La recensione di Joker: Folie à Deux, il seguito del primo Joker premiato con il Leone D’Oro a Venezia nel 2019.

Se è vero che “Tutto ciò che accade nella vita può accadere in uno show” allora diventa plausibile che il celebre ritornello del musical celebrativo di Hollywood del 1974, That’s Entertainment, ovvero tutto è intrattenimento, diventi il leitmotiv non solo musicale ma soprattutto concettuale di Joker: folie à deux, l’atteso sequel del film che nel 2019 fece vincere a Todd Phillips il Leone d’oro a Venezia e a Joaquin Phoenix l’Oscar da miglior attore.

È dunque la radicalizzazione dello spettacolo, della messa in scena e – ancora una volta della performance come modus vivendi – il cuore ideativo del secondo capitolo dedicato da Phillips al noto clown criminale di Gotham City, a cui si somma l’elemento della musica come aggregante narrativo/drammaturgico.
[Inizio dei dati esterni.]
lemma trace_block_diag_rank_one_mult:
  fixes u :: "'p::finite \<Rightarrow> real" and S :: "'g \<Rightarrow> real"
  assumes u: "\<And>g. g \<in> A \<Longrightarrow> (\<Sum>l\<in>{l. grp l = g}. (u l)\<^sup>2) = 1"
  shows "trace (block_diag grp A (\<lambda>j k. c (grp j) * (u j * u k - (if j = k then 1 else 0)))
      ** block_diag grp A (\<lambda>j k. u j * u k / S (grp j))) = 0"
proof -
  have "(\<Sum>l\<in>{l. grp l = grp j}. c (grp j) * (u j * u l - (if j = l then 1 else 0)) * (u l * u j / S (grp l))) = 0"
    if "grp j \<in> A" for j
  proof -
    have "(\<Sum>l\<in>{l. grp l = grp j}. c (grp j) * (u j * u l - (if j = l then 1 else 0)) * (u l * u j / S (grp l)))
      = (\<Sum>l\<in>{l. grp l = grp j}. c (grp j) * (u j)\<^sup>2 / S (grp j) * (u l)\<^sup>2
          - (if l = j then c (grp j) * (u j)\<^sup>2 / S (grp j) else 0))"
      by (rule sum.cong) (auto simp: power2_eq_square algebra_simps diff_divide_distrib)
    also have "\<dots> = c (grp j) * (u j)\<^sup>2 / S (grp j) * ((\<Sum>l\<in>{l. grp l = grp j}. (u l)\<^sup>2) - 1)"
      by (simp add: sum_subtractf sum_distrib_left right_diff_distrib)
    finally show ?thesis using u[OF that] by simp
  qed
  then show ?thesis
    unfolding block_diag_mult trace_block_diag by (intro sum.neutral) simp
qed

lemma gram_XA:
  fixes X :: "real^'p::finite^'n::finite" and grp :: "'p \<Rightarrow> 'g::finite"
  assumes XX: "transpose X ** X = mat 1"
  shows "transpose (XA X grp \<gamma> y) ** XA X grp \<gamma> y
    = block_diag grp (agl_active X grp \<gamma> y) (\<lambda>j k. if j = k then 1 else 0)"
proof -
  have "(transpose (XA X grp \<gamma> y) ** XA X grp \<gamma> y) $ j $ k
      = (if grp j \<in> agl_active X grp \<gamma> y \<and> grp k \<in> agl_active X grp \<gamma> y then (transpose X ** X) $ j $ k else 0)"
    for j k
    by (cases "grp j \<in> agl_active X grp \<gamma> y"; cases "grp k \<in> agl_active X grp \<gamma> y")
      (simp_all add: XA_def matrix_matrix_mult_def transpose_def)
  then show ?thesis
    by (auto simp: XX vec_eq_iff block_diag_def mat_def)
qed

lemma PiA_eq_block_diag:
  fixes X :: "real^'p::finite^'n::finite" and grp :: "'p \<Rightarrow> 'g::finite" and y :: "real^'n"
  assumes XX: "transpose X ** X = mat 1" and \<gamma>: "0 < \<gamma>"
  defines "S \<equiv> gnorm_sq grp (betaLS X y)" and "u \<equiv> gnormalize grp (betaLS X y)"
  shows "PiA X grp \<gamma> y = block_diag grp (agl_active X grp \<gamma> y)
      (\<lambda>j k. ((if j = k then 1 else 0) - u j * u k) / (S (grp j) - \<gamma>))"
proof -
  have "PiA X grp \<gamma> y $ j $ k = block_diag grp (agl_active X grp \<gamma> y)
      (\<lambda>j k. ((if j = k then 1 else 0) - u j * u k) / (S (grp j) - \<gamma>)) $ j $ k" for j k
  proof (cases "grp j = grp k \<and> grp j \<in> agl_active X grp \<gamma> y")
    case True
    then have gk: "grp k = grp j" and aj: "grp j \<in> agl_active X grp \<gamma> y"
      and act: "\<gamma> < S (grp j)"
      by (auto simp: agl_active_eq[OF XX \<gamma>] S_def)
    define s where "s = gnorm grp (betaLS X y) (grp j)"
    define c where "c = shrinkage \<gamma> (S (grp j))"
    have s: "0 < s" and Ss: "S (grp j) = s\<^sup>2"
      using act \<gamma> by (simp_all add: s_def S_def gnorm_eq_sqrt_gnorm_sq)
    have c: "0 < c"
      using act \<gamma> by (simp add: c_def shrinkage_def field_simps)
    have cS: "S (grp j) - \<gamma> = c * s\<^sup>2"
      unfolding Ss[symmetric] using act \<gamma> by (simp add: c_def shrinkage_def field_simps)
    have bh: "gnorm grp (agl_closed_form X grp \<gamma> y) (grp j) = c * s"
      using gnorm_agl_closed_form[OF \<gamma>] by (simp add: c_def s_def S_def gnorm_eq_sqrt_gnorm_sq)
    have bh_nth: "agl_closed_form X grp \<gamma> y $ l = c * betaLS X y $ l" if "grp l = grp j" for l
      using that by (simp add: agl_closed_form_nth c_def S_def)
    have uu: "u j * u k = betaLS X y $ j * betaLS X y $ k / s\<^sup>2"
      using gk by (simp add: u_def gnormalize_def s_def power2_eq_square)
    have "PiA X grp \<gamma> y $ j $ k = agl_weight X grp y (grp j) *
        ((if j = k then 1 else 0) / gnorm grp (agl_closed_form X grp \<gamma> y) (grp j)
          - agl_closed_form X grp \<gamma> y $ j * agl_closed_form X grp \<gamma> y $ k
            / gnorm grp (agl_closed_form X grp \<gamma> y) (grp j) ^ 3)"
      using gk aj by (simp add: PiA_def Let_def agl_beta_eq_closed_form[OF XX \<gamma>])
    also have "\<dots> = 1 / s * ((if j = k then 1 else 0) / (c * s)
        - (c * betaLS X y $ j) * (c * betaLS X y $ k) / (c * s) ^ 3)"
      using gk by (simp add: agl_weight_def bh bh_nth flip: s_def)
    also have "\<dots> = ((if j = k then 1 else 0) - u j * u k) / (S (grp j) - \<gamma>)"
      unfolding cS uu using s c by (simp add: field_simps power2_eq_square power3_eq_cube)
    finally show ?thesis
      using gk aj by (simp add: block_diag_def)
  next
    case False
    then show ?thesis by (auto simp: PiA_def Let_def block_diag_def)
  qed
  then show ?thesis by (simp add: vec_eq_iff)
qed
Di fatto, il genere portante di Joker: folie à deux è il musical classico, cui s’interseca naturalmente il dramma sull’identità fratturata e, nel caso specifico, il romance e il cinema processuale essendo gran parte del film ambientato nell’aula giudiziaria dove Arthur Fleck alias il Joker rischia la pena di morte per i cinque omicidi commessi nel primo episodio.

Aggiunta fondamentale al testo sceneggiato ancora una volta da Scott Silver e lo stesso Phillip è il personaggio di Lee – alias la celebre Harley Quinn di ideazione DC Comics – interpretata da Lady Gaga, star il cui casting si genera con la scelta stessa di informare un musical. Tra i due la nota quanto folle love story è tradotta in un sogno ingannatore di fuga e pertanto di salvezza, sia per l’abusato Arthur che per il suo personaggio dalla tragica e demoniaca risata, osannato ovunque compaia.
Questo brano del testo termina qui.